§ **EXERCISE DESCRIPTION**: All lines from the one containing "e] by linarith" through the final line of the entries are to be written out verbatim; no other line is to be included.

⁂

lemma le_schaper:
  assumes "n = 2 ^ k"
  shows "m + k \<le> schaper 2 shape"
proof -
  obtain s0 where s0: "tableau shape s0" using exists_tableau by blast
  let ?c = "card (colstab shape s0)"
  have "id \<in> colstab shape s0" by (simp add: colstab_iff[OF s0] permutes_id)
  then have c: "0 < ?c" using finite_colstab card_gt_0_iff by blast
  show ?thesis unfolding schaper_def
  proof (rule Greatest_le_nat[where b = ?c])
    show "\<forall>s t. tableau shape s \<longrightarrow> tableau shape t \<longrightarrow> int 2 ^ (m + k) dvd gram shape s t"
      using gram_dvd assms by (simp add: power_add mult.commute)
  next
    fix e
    assume "\<forall>s t. tableau shape s \<longrightarrow> tableau shape t \<longrightarrow> int 2 ^ e dvd gram shape s t"
    then have "int (2 ^ e) dvd int ?c" using s0 gram_diagonal by (metis of_nat_numeral of_nat_power)
    then have "2 ^ e dvd ?c" by (metis of_nat_dvd_iff)
    then have "2 ^ e \<le> ?c" using c by (simp add: dvd_imp_le)
    then show "e \<le> ?c" using less_exp[of e] by linarith
  qed
qed

end

theorem mainTheorem5:
  shows "schaper 2 (powpart 2 4) \<ge> 4 \<and> schaper 2 (powpart 3 4) \<ge> 5"
proof
  interpret rectangle 2 4 by unfold_locales auto
  show "schaper 2 (powpart 2 4) \<ge> 4" using le_schaper[of 2] by simp
next
  interpret rectangle 3 4 by unfold_locales auto
  show "schaper 2 (powpart 3 4) \<ge> 5" using le_schaper[of 2] by simp
qed

end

⁂

§ **YOUR SOLUTION**:
    then show "e \<le> ?c" using less_exp[of e] by linarith
  qed
qed

end

theorem mainTheorem5:
  shows "schaper 2 (powpart 2 4) \<ge> 4 \<and> schaper 2 (powpart 3 4) \<ge> 5"
proof
  interpret rectangle 2 4 by unfold_locales auto
  show "schaper 2 (powpart 2 4) \<ge> 4" using le_schaper[of 2] by simp
next
  interpret rectangle 3 4 by unfold_locales auto
  show "schaper 2 (powpart 3 4) \<ge> 5" using le_schaper[of 2] by simp
qed

end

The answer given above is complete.